## DIRECTIONS
Copy every line below that has the word "moreover" in it.

## THE INPUT
lemma ramp_comb_in_CM:
  fixes I :: "'i set" and d :: "'i \<Rightarrow> 'a::euclidean_space"
  assumes H: "0 < H" "H < 1" and "\<alpha> > 0"
    and "finite I" and "\<And>i. i \<in> I \<Longrightarrow> 0 \<le> a i"
    and "0 \<le> K" and "\<And>i. i \<in> I \<Longrightarrow> norm (d i) \<le> K"
    and f: "\<forall>t\<in>{0..1}. f t = ramp_comb I a d 1 t"
  shows "f \<in> CM \<alpha> H \<and>
    CM_norm \<alpha> H f \<le> K * real (card I) / (KH_ramp_factor \<alpha> H * sqrt (2 - 2 * H))"
proof -
  define c where "c = KH_ramp_factor \<alpha> H"
  have c: "c > 0"
    unfolding c_def using H \<open>\<alpha> > 0\<close> by (rule KH_ramp_factor_pos)
  define g where "g = ramp_comb I a (\<lambda>i. d i /\<^sub>R c) (1/2 - H)"
  have KHg: "\<forall>t\<in>{0..1}. f t = KH \<alpha> H (prim g) t"
  proof
    fix t :: real assume "t \<in> {0..1}"
    with KH_prim_ramp_comb[where a = a and d = "\<lambda>i. d i /\<^sub>R c" and \<alpha> = \<alpha>, OF H assms(4,5)] f c
    show "f t = KH \<alpha> H (prim g) t"
      by (simp add: g_def c_def ramp_comb_scaleR)
  qed
  have norm_d: "norm (d i /\<^sub>R c) \<le> K / c" if "i \<in> I" for i
    using assms(7)[OF that] c by (simp add: divide_right_mono divide_inverse_commute)
  have "L2_01 g"
    unfolding g_def using assms(4,5) H by (intro L2_01_ramp_comb) auto
  moreover have "L2_norm01 g \<le> K / c * real (card I) / sqrt (2 * (1/2 - H) + 1)"
    unfolding g_def using assms(4,5,6) norm_d H c by (intro L2_norm01_ramp_comb_le) auto
  ultimately show ?thesis
    using KHg CM_memberI CM_norm_le_L2_norm01 by (fastforce simp: c_def algebra_simps)
qed

section \<open>Piecewise linear functions as sums of ramps\<close>

lemma has_vector_derivative_affine:
  "((\<lambda>x. c + (x - a) *\<^sub>R v) has_vector_derivative v) (at t within S)"
proof -
  have "((\<lambda>x. x - a) has_real_derivative 1) (at t within S)"
    using DERIV_diff[OF DERIV_ident DERIV_const[of a]] by simp
  from has_vector_derivative_scaleR[OF this has_vector_derivative_const[of v]]
  show ?thesis
    using has_vector_derivative_add[OF has_vector_derivative_const[of c]] by fastforce
qed

locale affine_partition =
  fixes f :: "real \<Rightarrow> 'a::euclidean_space" and T :: "nat \<Rightarrow> real" and m :: nat and b :: "nat \<Rightarrow> 'a"
  assumes T_strict_mono: "strict_mono_on {..m} T"
    and T_0: "T 0 = 0" and T_m: "T m = 1"
    and affine_on_pieces: "\<And>i t. i < m \<Longrightarrow> t \<in> {T i..T (Suc i)} \<Longrightarrow> f t = f (T i) + (t - T i) *\<^sub>R b i"
begin

lemma T_less_iff: "i \<le> m \<Longrightarrow> j \<le> m \<Longrightarrow> T i < T j \<longleftrightarrow> i < j"
  using T_strict_mono by (simp add: strict_mono_on_less)

lemma T_le_iff: "i \<le> m \<Longrightarrow> j \<le> m \<Longrightarrow> T i \<le> T j \<longleftrightarrow> i \<le> j"
  using T_strict_mono by (simp add: strict_mono_on_less_eq)

lemma m_pos: "0 < m"
  using T_0 T_m by (cases m) auto

lemma T_in_01: "i \<le> m \<Longrightarrow> T i \<in> {0..1}"
  using T_le_iff[of 0 i] T_le_iff[of i m] T_0 T_m by auto

lemma piece_containing:
  assumes "t \<in> {0..1}"
  obtains i where "i < m" and "t \<in> {T i..T (Suc i)}"
proof -
  have cover: "\<exists>i<j. t \<in> {T i..T (Suc i)}" if "0 < j" and "j \<le> m" and "t \<le> T j" for j
    using that
  proof (induction j)
    case 0
    then show ?case
      by simp
  next
    case (Suc j)
    show ?case
    proof (cases "0 < j \<and> t \<le> T j")
      case True
      with Suc obtain i where "i < j" "t \<in> {T i..T (Suc i)}"
        by auto
      then show ?thesis
        using less_SucI by blast
    next
      case False
      then have "T j \<le> t"
        using assms T_0 by auto
      with Suc.prems show ?thesis
        by auto
    qed
  qed
  obtain i where "i < m" "t \<in> {T i..T (Suc i)}"
    using cover[of m] assms m_pos T_m by auto
  then show ?thesis
    by (rule that)
qed

lemma has_vector_derivative_on_piece:
  assumes "i < m" and "t \<in> {T i<..<T (Suc i)}"
  shows "(f has_vector_derivative b i) (at t)"
  using has_vector_derivative_affine
  by (rule has_vector_derivative_transform_within_open[of _ _ _ "{T i<..<T (Suc i)}"])
     (use assms in \<open>auto intro!: affine_on_pieces[symmetric]\<close>)

lemma fdot_on_piece: "i < m \<Longrightarrow> t \<in> {T i<..<T (Suc i)} \<Longrightarrow> fdot f t = b i"
  unfolding fdot_def by (rule vector_derivative_at[OF has_vector_derivative_on_piece])

lemma fdot_in_slopes:
  assumes "t \<in> {0<..<1}" and "f differentiable (at t)"
  shows "\<exists>i<m. fdot f t = b i"
proof -
  from assms(1) have "t \<in> {0..1}"
    by auto
  then obtain i where i: "i < m" "t \<in> {T i..T (Suc i)}"
    by (rule piece_containing)
  have "(f has_vector_derivative fdot f t) (at t)"
    using assms(2) unfolding fdot_def vector_derivative_works .
  then have "(f has_vector_derivative fdot f t) (at t within {T i..T (Suc i)})"
    by (rule has_vector_derivative_at_within)
  moreover have "(f has_vector_derivative b i) (at t within {T i..T (Suc i)})"
    by (rule has_vector_derivative_transform[OF _ _ has_vector_derivative_affine])
       (use i in \<open>auto intro!: affine_on_pieces\<close>)
  ultimately have "fdot f t = b i"
    using i T_less_iff[of i "Suc i"]
    by (intro vector_derivative_unique_within_closed_interval[of "T i" "T (Suc i)"]) auto
  with i show ?thesis
    by blast
qed

lemma norm_slope_le_sup_fdot:
  assumes "i < m"
  shows "norm (b i) \<le> sup_fdot f"
proof -
  define X where "X = {norm (fdot f t) | t. t \<in> {0<..<1} \<and> f differentiable (at t)}"
  have "X \<subseteq> (\<lambda>i. norm (b i)) ` {..<m}"
    unfolding X_def using fdot_in_slopes by fastforce
  then have "bdd_above X"
    by (meson bdd_above_finite finite_imageI finite_lessThan finite_subset)
  moreover have "norm (b i) \<in> X"
  proof -
    define t where "t = (T i + T (Suc i)) / 2"
    have "T i < T (Suc i)"
      using assms T_less_iff by simp
    then have t: "t \<in> {T i<..<T (Suc i)}"
      by (simp add: t_def)
    moreover have "T 0 \<le> T i" "T (Suc i) \<le> T m"
      using assms T_le_iff by auto
    ultimately have "t \<in> {0<..<1}"
      using T_0 T_m by auto
    moreover have "f differentiable (at t)"
      using has_vector_derivative_on_piece[OF assms t] by (rule differentiableI_vector)
    ultimately show ?thesis
      unfolding X_def using fdot_on_piece[OF assms t] by force
  qed
  ultimately show ?thesis
    unfolding sup_fdot_def X_def[symmetric] by (simp add: cSup_upper)
qed

lemma sup_fdot_nonneg: "0 \<le> sup_fdot f"
  using norm_ge_zero norm_slope_le_sup_fdot[OF m_pos] by (rule order_trans)

lemma disc_fdot_subset: "disc_fdot f \<subseteq> T ` {..m}"
proof
  fix t assume t: "t \<in> disc_fdot f"
  show "t \<in> T ` {..m}"
  proof (rule ccontr)
    assume not_breakpoint: "t \<notin> T ` {..m}"
    from t have "t \<in> {0..1}"
      by (auto simp: disc_fdot_def)
    then obtain i where i: "i < m" "t \<in> {T i..T (Suc i)}"
      by (rule piece_containing)
    have "T i \<noteq> t" "T (Suc i) \<noteq> t"
      using i(1) not_breakpoint by auto
    with i have piece: "t \<in> {T i<..<T (Suc i)}"
      by auto
    have "eventually (\<lambda>x. fdot f x = b i) (at t)"
      unfolding eventually_at_topological
      by (rule exI[of _ "{T i<..<T (Suc i)}"]) (use piece fdot_on_piece[OF i(1)] in auto)
    then have "isCont (fdot f) t"
      unfolding isCont_def fdot_on_piece[OF i(1) piece] by (rule tendsto_eventually)
    with t show False
      by (simp add: disc_fdot_def)
  qed
qed

lemma finite_disc_fdot: "finite (disc_fdot f)"
  using disc_fdot_subset by (rule finite_subset) simp

lemma breakpoint_in_disc_fdot:
  assumes "0 < i" and "i < m" and "b i \<noteq> b (i - 1)"
  shows "T i \<in> disc_fdot f"
proof -
  have bounds: "T 0 < T i" "T i < T m" "T (i - 1) < T i" "T i < T (Suc i)"
    using assms T_less_iff by auto
  then have "T i \<in> {0<..<1}"
    using T_0 T_m by simp
  moreover have "\<not> isCont (fdot f) (T i)"
  proof
    assume "isCont (fdot f) (T i)"
    then have right: "(fdot f \<longlongrightarrow> fdot f (T i)) (at_right (T i))"
      and left: "(fdot f \<longlongrightarrow> fdot f (T i)) (at_left (T i))"
      by (auto simp: isCont_def filterlim_at_split)
    have "eventually (\<lambda>x. fdot f x = b i) (at_right (T i))"
      unfolding eventually_at_right[OF \<open>T i < T (Suc i)\<close>]
      by (intro exI[of _ "T (Suc i)"]) (use assms bounds fdot_on_piece in auto)
    then have "fdot f (T i) = b i"
      by (rule tendsto_unique[OF trivial_limit_at_right_real right tendsto_eventually])
    moreover have "eventually (\<lambda>x. fdot f x = b (i - 1)) (at_left (T i))"
      unfolding eventually_at_left[OF \<open>T (i - 1) < T i\<close>]
      by (intro exI[of _ "T (i - 1)"]) (use assms bounds fdot_on_piece[of "i - 1"] in auto)
    then have "fdot f (T i) = b (i - 1)"
      by (rule tendsto_unique[OF trivial_limit_at_left_real left tendsto_eventually])
    ultimately show False
      using assms by simp
  qed
  ultimately show ?thesis
    by (simp add: disc_fdot_def)
qed

definition slope_jump :: "nat \<Rightarrow> 'a" where
  "slope_jump i = b i - (if i = 0 then 0 else b (i - 1))"

lemma sum_slope_jumps_on_piece:
  assumes "k < m"
  shows "f 0 + (\<Sum>i<Suc k. (t - T i) *\<^sub>R slope_jump i) = f (T k) + (t - T k) *\<^sub>R b k"
  using assms
proof (induction k)
  case 0
  then show ?case
    using T_0 by (simp add: slope_jump_def)
next
  case (Suc k)
  then have k: "k < m"
    by simp
  have "f 0 + (\<Sum>i<Suc (Suc k). (t - T i) *\<^sub>R slope_jump i) =
      (f 0 + (\<Sum>i<Suc k. (t - T i) *\<^sub>R slope_jump i)) + (t - T (Suc k)) *\<^sub>R slope_jump (Suc k)"
    by (simp add: add.assoc)
  also have "\<dots> = f (T k) + (t - T k) *\<^sub>R b k + (t - T (Suc k)) *\<^sub>R (b (Suc k) - b k)"
    using Suc.IH[OF k] by (simp add: slope_jump_def)
  also have "f (T k) = f (T (Suc k)) - (T (Suc k) - T k) *\<^sub>R b k"
    using k T_le_iff[of k "Suc k"] affine_on_pieces[of k "T (Suc k)"] by simp
  finally show ?case
    by (simp add: algebra_simps)
qed

lemma eq_ramp_comb_slope_jumps:
  assumes "t \<in> {0..1}"
  shows "f t = f 0 + ramp_comb {..<m} T slope_jump 1 t"
proof -
  obtain k where k: "k < m" "t \<in> {T k..T (Suc k)}"
    using assms by (rule piece_containing)
  have "ramp_comb {..<m} T slope_jump 1 t = (\<Sum>i<Suc k. ramp (T i) 1 t *\<^sub>R slope_jump i)"
    unfolding ramp_comb_def
  proof (rule sum.mono_neutral_right)
    show "\<forall>i\<in>{..<m} - {..<Suc k}. ramp (T i) 1 t *\<^sub>R slope_jump i = 0"
    proof
      fix i assume "i \<in> {..<m} - {..<Suc k}"
      then have "t \<le> T i"
        using k T_le_iff[of "Suc k" i] by auto
      then show "ramp (T i) 1 t *\<^sub>R slope_jump i = 0"
        by (simp add: ramp_eq_0)
    qed
  qed (use k in auto)
  also have "\<dots> = (\<Sum>i<Suc k. (t - T i) *\<^sub>R slope_jump i)"
  proof (rule sum.cong[OF refl])
    fix i assume "i \<in> {..<Suc k}"
    then have "T i \<le> t"
      using k T_le_iff[of i k] by auto
    then show "ramp (T i) 1 t *\<^sub>R slope_jump i = (t - T i) *\<^sub>R slope_jump i"
      by (simp add: ramp_eq_powr)
  qed
  finally have "f 0 + ramp_comb {..<m} T slope_jump 1 t = f 0 + (\<Sum>i<Suc k. (t - T i) *\<^sub>R slope_jump i)"
    by simp
  also have "\<dots> = f (T k) + (t - T k) *\<^sub>R b k"
    by (rule sum_slope_jumps_on_piece[OF k(1)])
  also have "\<dots> = f t"
    using affine_on_pieces[OF k] by simp
  finally show ?thesis
    by simp
qed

## PROBLEM SOLUTION
  moreover have "L2_norm01 g \<le> K / c * real (card I) / sqrt (2 * (1/2 - H) + 1)"
  moreover have "(f has_vector_derivative b i) (at t within {T i..T (Suc i)})"
  moreover have "norm (b i) \<in> X"
    moreover have "T 0 \<le> T i" "T (Suc i) \<le> T m"
    moreover have "f differentiable (at t)"
  moreover have "\<not> isCont (fdot f) (T i)"
    moreover have "eventually (\<lambda>x. fdot f x = b (i - 1)) (at_left (T i))"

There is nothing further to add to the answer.